青山学院大生・殺人事件


−経緯−
平成6年2月18日、東京都世田谷区のアパートで青山学院大学4年生の松本浩二さん(当時23歳)が血を流して死んでいるのを訪ねてきた叔母が発見し警察に通報した。

大阪の母親が「浩二と2日前から連絡が取れない」と東京に住む妹(浩二さんの叔母)に連絡。不審を抱いた叔母は浩二さんのアパートを訪ねて大家に事情を説明。部屋を開けると浩二さんは体をロープで縛られ口はガムテープで塞がれて刺し殺されていた。

警察は、現場検証・聞き込み捜査を開始した。松本さんの知人に対する事情聴取で金や女性関係など一切問題が無かった。むしろ、誰にも好かれる松本さんの性格は周りから高い信頼を得て「恨みを買う」ことなど考えられなかった。

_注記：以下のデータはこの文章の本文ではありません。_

lemma spanning_trees_cut_point_unique:
  assumes f1: "f1 \<in> spanning_trees y1" and f2: "f2 \<in> spanning_trees y2"
    and g: "f1(y1 := x) = f2(y2 := x)"
  shows "y1 = y2"
proof (rule ccontr)
  assume ne: "y1 \<noteq> y2"
  define g where "g = f1(y1 := x)"
  have g2: "g = f2(y2 := x)" using g unfolding g_def .
  have "f1 y2 = x" "f2 y1 = x" using ne g2 unfolding g_def by (metis fun_upd_apply)+
  obtain m1 where "(f1^^m1) x = y1" using f1 unfolding spanning_trees_def by blast
  then obtain n1 where n1: "(f1^^n1) x = y1" "\<forall>j<n1. (f1^^j) x \<noteq> y1"
    by (rule funpow_least_hit)
  obtain m2 where "(f2^^m2) x = y2" using f2 unfolding spanning_trees_def by blast
  then obtain n2 where n2: "(f2^^n2) x = y2" "\<forall>j<n2. (f2^^j) x \<noteq> y2"
    by (rule funpow_least_hit)
  have avoid1: "\<forall>j<n1. (f1^^j) x \<noteq> y2"
    using funpow_least_hit_avoids_pred[OF \<open>f1 y2 = x\<close> n1] by blast
  have avoid2: "\<forall>j<n2. (f2^^j) x \<noteq> y1"
    using funpow_least_hit_avoids_pred[OF \<open>f2 y1 = x\<close> n2] by blast
  have g_f1: "(g^^j) x = (f1^^j) x" if "j \<le> n1" for j
    unfolding g_def using that n1(2) by (intro funpow_fun_upd_eq) auto
  have g_f2: "(g^^j) x = (f2^^j) x" if "j \<le> n2" for j
    unfolding g2 using that n2(2) by (intro funpow_fun_upd_eq) auto
  consider "n1 < n2" | "n1 = n2" | "n2 < n1" by linarith
  then show False
  proof cases
    case 1
    then have "(f2^^n1) x = y1" using g_f1[of n1] g_f2[of n1] n1(1) by simp
    then show False using avoid2 1 by blast
  next
    case 2
    then show False using g_f1[of n1] g_f2[of n1] n1(1) n2(1) ne by simp
  next
    case 3
    then have "(f1^^n2) x = y2" using g_f1[of n2] g_f2[of n2] n2(1) by simp
    then show False using avoid1 3 by blast
  qed
qed

lemma bij_betw_spanning_trees_in:
  "bij_betw (\<lambda>(y, f). f(y := x)) (SIGMA y:UNIV - {x}. spanning_trees y) (unicyclic_through x)"
  unfolding bij_betw_def
proof (intro conjI subset_antisym)
  show "inj_on (\<lambda>(y, f). f(y := x)) (SIGMA y:UNIV - {x}. spanning_trees y)"
  proof (rule inj_onI)
    fix p q
    assume "p \<in> (SIGMA y:UNIV - {x}. spanning_trees y)" "q \<in> (SIGMA y:UNIV - {x}. spanning_trees y)"
      and "(\<lambda>(y, f). f(y := x)) p = (\<lambda>(y, f). f(y := x)) q"
    moreover obtain y1 f1 y2 f2 where pq: "p = (y1, f1)" "q = (y2, f2)" by fastforce
    ultimately have f1: "f1 \<in> spanning_trees y1" and f2: "f2 \<in> spanning_trees y2"
      and g: "f1(y1 := x) = f2(y2 := x)" by auto
    have "y1 = y2" using spanning_trees_cut_point_unique[OF f1 f2 g] .
    moreover have "f1 = f2"
    proof
      fix a
      show "f1 a = f2 a"
        using f1 f2 \<open>y1 = y2\<close> fun_cong[OF g, of a] unfolding spanning_trees_def
        by (cases "a = y1") auto
    qed
    ultimately show "p = q" using pq by simp
  qed
  show "(\<lambda>(y, f). f(y := x)) ` (SIGMA y:UNIV - {x}. spanning_trees y) \<subseteq> unicyclic_through x"
  proof (rule image_subsetI)
    fix p assume "p \<in> (SIGMA y:UNIV - {x}. spanning_trees y)"
    then obtain y f where p: "p = (y, f)" and y: "y \<noteq> x" and f: "f \<in> spanning_trees y" by auto
    have "\<exists>n. ((f(y := x))^^n) a = x" for a
    proof -
      obtain n where "(f^^n) a = y" using f unfolding spanning_trees_def by blast
      then obtain m where "((f(y := x))^^m) a = y" using reaches_fun_upd by metis
      then have "((f(y := x))^^Suc m) a = x" by simp
      then show ?thesis by blast
    qed
    then show "(\<lambda>(y, f). f(y := x)) p \<in> unicyclic_through x"
      using spanning_tree_no_fixpoint[OF f y[symmetric]] y p unfolding unicyclic_through_def by simp
  qed
  show "unicyclic_through x \<subseteq> (\<lambda>(y, f). f(y := x)) ` (SIGMA y:UNIV - {x}. spanning_trees y)"
  proof
    fix g assume g: "g \<in> unicyclic_through x"
    obtain n where n: "(g^^n) (g x) = x" using g unfolding unicyclic_through_def by blast
    define y where "y = (g^^n) x"
    have gy: "g y = x" using n unfolding y_def by (simp add: funpow_swap1)
    have "y \<noteq> x" using gy g unfolding unicyclic_through_def by auto
    have "\<exists>m. ((g(y := y))^^m) a = y" for a
    proof -
      obtain k where "(g^^k) a = x" using g unfolding unicyclic_through_def by blast
      then have "(g^^(n + k)) a = y" unfolding y_def funpow_add by simp
      then show ?thesis by (rule reaches_fun_upd)
    qed
    then have "g(y := y) \<in> spanning_trees y" unfolding spanning_trees_def by simp
    then have "(y, g(y := y)) \<in> (SIGMA y:UNIV - {x}. spanning_trees y)" using \<open>y \<noteq> x\<close> by simp
    moreover have "g = (\<lambda>(y, f). f(y := x)) (y, g(y := y))" using gy by (simp add: fun_upd_idem)
    ultimately show "g \<in> (\<lambda>(y, f). f(y := x)) ` (SIGMA y:UNIV - {x}. spanning_trees y)"
      by (rule rev_image_eqI)
  qed
qed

一方警察は、周辺捜査で同アパートに住む学生から「事件の2日前に松本さんの部屋の隣から不審な若い男女が出てきた」という証言を得た。そこで警察は松本さんの隣の部屋を家宅捜査したところ、血痕が発見された。この部屋の住人も大学生で、彼は宮崎県に帰省していた。

早速、この学生に事情聴取したところ、犯行当日は実家におりアリバイは成立。が、彼は<以前、付き合っていた女がヤクザ風の男と連れ立ってきたことがある。この時、金を脅し取られたため怖くなって帰省している>と証言した。警察は、この男女が事件2日前の不審な若い男女とみて行方を追った。

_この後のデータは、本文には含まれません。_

lemma nth_quant_error_P_le:
  assumes "0 < k1" "0 < k2" "k1 + k2 \<le> n"
  shows "nth_quant_error P n \<le> 3/2 * half_cell_bound (1/2) (2 * real k1) + half_cell_bound (1/4) (2 * real k2)"
proof -
  define A where "A = cell_midpoints 0 (1/2) k1"
  define B where "B = cell_midpoints (3/4) (1/4) k2"
  have A: "finite A" "A \<noteq> {}" "card A \<le> k1"
    unfolding A_def using assms by (auto simp: finite_cell_midpoints cell_midpoints_nonempty card_cell_midpoints_le)
  have B: "finite B" "B \<noteq> {}" "card B \<le> k2"
    unfolding B_def using assms by (auto simp: finite_cell_midpoints cell_midpoints_nonempty card_cell_midpoints_le)
  have "card (A \<union> B) \<le> n"
    using card_Un_le[of A B] A B assms(3) by linarith
  then have "nth_quant_error P n \<le> distortion P (A \<union> B)"
    using A B by (intro nth_quant_error_le_distortion) auto
  also have "\<dots> = 3/2 * interval_error (A \<union> B) 0 (1/2) + interval_error (A \<union> B) (3/4) 1"
    using A B by (intro distortion_P_eq) auto
  also have "\<dots> \<le> 3/2 * interval_error A 0 (1/2) + interval_error B (3/4) 1"
    using A B by (intro add_mono mult_left_mono interval_error_antimono) auto
  also have "\<dots> \<le> 3/2 * half_cell_bound (1/2) (2 * real k1) + half_cell_bound (1/4) (2 * real k2)"
    using interval_error_cell_midpoints_le[of "1/2" k1 0] interval_error_cell_midpoints_le[of "1/4" k2 "3/4"]
    unfolding A_def B_def using assms by simp
  finally show ?thesis .
qed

一方、静岡県熱海の別荘で不審な男女がガスボンベを爆発させて火傷を追った。この2人は、無職・出水智秀(当時20歳)と無職・飯田正美(当時20歳)であった。2人は無断で別荘に侵入しガス自殺しようとしたが死にきれず、出水がタバコに火を点けた途端爆発したことが判明した。

熱海署で事情聴取を受けた飯田は東京・世田谷の青山大生殺害事件を供述した。また、この飯田が宮崎県に帰省している大学生と中学時代から最近まで付き合っていたことも判明した。

−理不尽な動機−
出水と飯田は名古屋で知り合った。出水は少年院を退院して工事会社に勤務していた。2人は交際を重ねながら40件以上の窃盗を繰り返していた。その後、2人は以前付き合っていた学生を脅して金を巻き上げようと再び、東京・世田谷のアパートを訪ねた。事前に察知していた学生は実家の宮埼に帰省していたため不在だった。そこで出水はベランダ側にある雨どいを伝って部屋に侵入しドアを開けて飯田を招き入れ、勝手に生活を始めた。

2月15日、2人は<隣の学生(松本さん)を脅して金を巻き上げよう>と相談。飯田が、松本さんのドアを叩いて「換気扇の修理」をお願いした。快く引き受けた松本さんが部屋に入ると出水からナイフで脅され金を強奪された。

出水は飯田に松本さんとセックスすることを強要。両手・両足を縛られナイフで脅された松本さんは無抵抗の状態。やがて、飯田が歓喜の声を上げると、これに嫉妬した出水が松本さんの腹にナイフを突き刺し、その後飯田も荷担して殺害した。9月5日東京地裁は出水に無期懲役。飯田に懲役15年を言い渡した。この時、飯田は妊娠9ヶ月。判決から1ヵ月後の10月に獄中出産した。

−大空を夢見た松本さん−
松本さんは、大学の卒業が決定。さらに「パイロット」になりたいという夢が叶い4月から宮崎県の航空大学に進学する予定だった。何の落度も無い松本さんは、いとも簡単に殺されて大きな夢は消え去った。この2人が居なかったら、今頃は国際線パイロットとして大空を飛んでいたであろう。